WORK INSTRUCTIONS:
All lines holding the string "that" should be copied from the data below.

TASK DATA:
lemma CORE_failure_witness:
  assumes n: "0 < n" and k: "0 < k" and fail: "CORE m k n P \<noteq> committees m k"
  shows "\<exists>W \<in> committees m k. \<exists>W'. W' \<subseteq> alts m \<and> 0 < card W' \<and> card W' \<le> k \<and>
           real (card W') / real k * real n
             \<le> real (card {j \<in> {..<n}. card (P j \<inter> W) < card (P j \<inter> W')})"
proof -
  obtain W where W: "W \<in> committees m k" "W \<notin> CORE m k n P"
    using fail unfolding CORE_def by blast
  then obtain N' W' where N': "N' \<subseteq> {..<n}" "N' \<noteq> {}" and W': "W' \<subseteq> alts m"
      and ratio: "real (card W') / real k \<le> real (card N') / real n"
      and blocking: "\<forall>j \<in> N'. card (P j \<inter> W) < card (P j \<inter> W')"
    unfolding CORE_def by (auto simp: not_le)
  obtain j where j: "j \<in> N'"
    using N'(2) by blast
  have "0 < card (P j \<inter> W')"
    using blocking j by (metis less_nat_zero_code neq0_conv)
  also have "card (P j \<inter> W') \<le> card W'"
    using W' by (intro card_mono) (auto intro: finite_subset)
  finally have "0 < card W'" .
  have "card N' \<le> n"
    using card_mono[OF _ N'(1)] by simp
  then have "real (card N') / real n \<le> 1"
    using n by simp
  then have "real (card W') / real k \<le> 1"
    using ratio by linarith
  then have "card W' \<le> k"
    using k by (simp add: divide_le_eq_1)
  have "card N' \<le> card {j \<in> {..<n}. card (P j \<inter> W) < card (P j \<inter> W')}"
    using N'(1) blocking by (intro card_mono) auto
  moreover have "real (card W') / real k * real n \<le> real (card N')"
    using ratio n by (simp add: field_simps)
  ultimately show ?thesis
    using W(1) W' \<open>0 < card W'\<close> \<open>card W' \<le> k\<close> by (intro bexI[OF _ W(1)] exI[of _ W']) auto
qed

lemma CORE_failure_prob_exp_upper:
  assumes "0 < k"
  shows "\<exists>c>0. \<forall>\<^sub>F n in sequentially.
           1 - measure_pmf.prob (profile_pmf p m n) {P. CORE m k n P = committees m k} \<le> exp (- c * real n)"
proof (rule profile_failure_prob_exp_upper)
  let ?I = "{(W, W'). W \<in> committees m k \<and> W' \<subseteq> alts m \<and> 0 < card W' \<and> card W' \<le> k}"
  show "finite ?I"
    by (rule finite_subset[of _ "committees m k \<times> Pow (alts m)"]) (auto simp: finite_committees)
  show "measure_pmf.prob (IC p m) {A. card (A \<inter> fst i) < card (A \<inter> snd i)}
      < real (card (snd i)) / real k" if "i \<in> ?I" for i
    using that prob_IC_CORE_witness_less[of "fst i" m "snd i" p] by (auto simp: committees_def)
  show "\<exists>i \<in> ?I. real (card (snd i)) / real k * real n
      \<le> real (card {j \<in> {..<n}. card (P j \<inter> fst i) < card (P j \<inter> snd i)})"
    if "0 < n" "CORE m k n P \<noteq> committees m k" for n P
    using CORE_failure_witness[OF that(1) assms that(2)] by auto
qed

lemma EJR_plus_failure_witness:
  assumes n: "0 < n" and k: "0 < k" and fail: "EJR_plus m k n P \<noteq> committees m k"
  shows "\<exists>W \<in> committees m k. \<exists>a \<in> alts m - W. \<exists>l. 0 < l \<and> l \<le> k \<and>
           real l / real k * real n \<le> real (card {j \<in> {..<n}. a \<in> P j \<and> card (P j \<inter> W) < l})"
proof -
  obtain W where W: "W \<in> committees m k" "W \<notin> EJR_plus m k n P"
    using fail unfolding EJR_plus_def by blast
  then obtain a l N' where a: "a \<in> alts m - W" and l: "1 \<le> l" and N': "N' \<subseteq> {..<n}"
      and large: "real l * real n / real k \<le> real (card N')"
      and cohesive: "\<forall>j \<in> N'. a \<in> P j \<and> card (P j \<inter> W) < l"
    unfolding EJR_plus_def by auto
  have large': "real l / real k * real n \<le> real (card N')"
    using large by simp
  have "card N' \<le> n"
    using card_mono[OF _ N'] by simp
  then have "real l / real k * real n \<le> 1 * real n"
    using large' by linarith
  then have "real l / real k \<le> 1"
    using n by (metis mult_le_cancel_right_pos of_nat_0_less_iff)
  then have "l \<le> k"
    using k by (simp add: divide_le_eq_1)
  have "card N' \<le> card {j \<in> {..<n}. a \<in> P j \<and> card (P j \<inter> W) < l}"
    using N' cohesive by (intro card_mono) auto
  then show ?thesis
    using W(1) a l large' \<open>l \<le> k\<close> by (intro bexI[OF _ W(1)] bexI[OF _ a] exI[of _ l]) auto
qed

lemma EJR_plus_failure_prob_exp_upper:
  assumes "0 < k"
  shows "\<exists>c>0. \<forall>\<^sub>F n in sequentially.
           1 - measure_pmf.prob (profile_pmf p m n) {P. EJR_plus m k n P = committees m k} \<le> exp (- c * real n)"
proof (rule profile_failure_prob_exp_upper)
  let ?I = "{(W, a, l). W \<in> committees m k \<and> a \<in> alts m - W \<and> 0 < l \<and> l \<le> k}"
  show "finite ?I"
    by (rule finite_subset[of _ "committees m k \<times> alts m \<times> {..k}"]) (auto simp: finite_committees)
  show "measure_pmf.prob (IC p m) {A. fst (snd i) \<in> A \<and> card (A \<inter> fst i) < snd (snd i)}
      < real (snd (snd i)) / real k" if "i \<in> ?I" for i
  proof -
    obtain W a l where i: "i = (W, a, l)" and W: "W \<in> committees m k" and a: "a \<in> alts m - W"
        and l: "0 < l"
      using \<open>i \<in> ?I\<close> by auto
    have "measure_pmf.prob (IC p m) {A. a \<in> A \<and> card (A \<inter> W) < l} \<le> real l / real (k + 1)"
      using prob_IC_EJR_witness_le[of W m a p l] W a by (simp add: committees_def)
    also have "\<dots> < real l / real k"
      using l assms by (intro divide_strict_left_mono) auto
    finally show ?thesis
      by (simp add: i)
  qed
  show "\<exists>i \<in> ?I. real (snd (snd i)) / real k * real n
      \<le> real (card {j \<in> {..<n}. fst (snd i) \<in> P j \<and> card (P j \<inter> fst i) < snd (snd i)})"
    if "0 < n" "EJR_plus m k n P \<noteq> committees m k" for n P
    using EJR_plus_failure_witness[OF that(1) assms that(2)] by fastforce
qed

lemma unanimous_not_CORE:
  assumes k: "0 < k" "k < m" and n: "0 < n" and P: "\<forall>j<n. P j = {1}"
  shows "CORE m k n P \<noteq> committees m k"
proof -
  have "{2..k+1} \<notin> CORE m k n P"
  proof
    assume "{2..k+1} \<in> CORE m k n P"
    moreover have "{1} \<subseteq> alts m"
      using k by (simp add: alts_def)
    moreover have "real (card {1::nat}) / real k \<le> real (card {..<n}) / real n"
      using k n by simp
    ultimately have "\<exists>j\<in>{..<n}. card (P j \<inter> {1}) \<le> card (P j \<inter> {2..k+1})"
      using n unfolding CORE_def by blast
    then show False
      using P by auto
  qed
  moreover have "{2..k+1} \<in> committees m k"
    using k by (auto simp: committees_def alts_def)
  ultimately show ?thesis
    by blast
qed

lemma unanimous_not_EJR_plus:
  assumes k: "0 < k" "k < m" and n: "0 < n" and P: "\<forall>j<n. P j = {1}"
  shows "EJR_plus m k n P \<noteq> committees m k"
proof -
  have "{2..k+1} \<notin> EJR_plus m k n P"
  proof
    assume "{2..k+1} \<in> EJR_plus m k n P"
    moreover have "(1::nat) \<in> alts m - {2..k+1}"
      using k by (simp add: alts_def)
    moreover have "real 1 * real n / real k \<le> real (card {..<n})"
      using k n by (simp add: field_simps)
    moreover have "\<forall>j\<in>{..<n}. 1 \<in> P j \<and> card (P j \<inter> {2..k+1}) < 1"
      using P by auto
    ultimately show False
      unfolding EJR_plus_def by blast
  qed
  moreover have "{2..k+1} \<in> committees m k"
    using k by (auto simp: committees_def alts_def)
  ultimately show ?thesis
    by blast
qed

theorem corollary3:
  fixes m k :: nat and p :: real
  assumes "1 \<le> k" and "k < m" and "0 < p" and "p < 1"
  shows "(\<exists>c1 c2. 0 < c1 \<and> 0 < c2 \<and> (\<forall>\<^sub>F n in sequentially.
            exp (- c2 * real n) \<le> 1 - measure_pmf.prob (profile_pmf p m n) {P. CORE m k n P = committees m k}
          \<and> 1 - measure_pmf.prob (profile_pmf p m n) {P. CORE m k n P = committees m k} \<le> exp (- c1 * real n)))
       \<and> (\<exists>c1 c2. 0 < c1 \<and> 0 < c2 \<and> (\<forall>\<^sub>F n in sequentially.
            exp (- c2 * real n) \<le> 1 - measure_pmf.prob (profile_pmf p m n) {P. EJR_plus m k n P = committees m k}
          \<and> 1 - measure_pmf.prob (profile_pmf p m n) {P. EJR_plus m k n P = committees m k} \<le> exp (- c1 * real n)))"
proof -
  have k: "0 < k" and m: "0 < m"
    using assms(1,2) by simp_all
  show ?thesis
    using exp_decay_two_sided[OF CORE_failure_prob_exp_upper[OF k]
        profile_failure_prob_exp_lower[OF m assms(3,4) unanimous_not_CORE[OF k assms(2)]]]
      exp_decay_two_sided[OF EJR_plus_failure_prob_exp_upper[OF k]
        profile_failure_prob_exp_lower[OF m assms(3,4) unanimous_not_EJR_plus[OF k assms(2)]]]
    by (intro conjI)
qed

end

WRITTEN ANSWER:
    using that prob_IC_CORE_witness_less[of "fst i" m "snd i" p] by (auto simp: committees_def)
    using CORE_failure_witness[OF that(1) assms that(2)] by auto
    using EJR_plus_failure_witness[OF that(1) assms that(2)] by fastforce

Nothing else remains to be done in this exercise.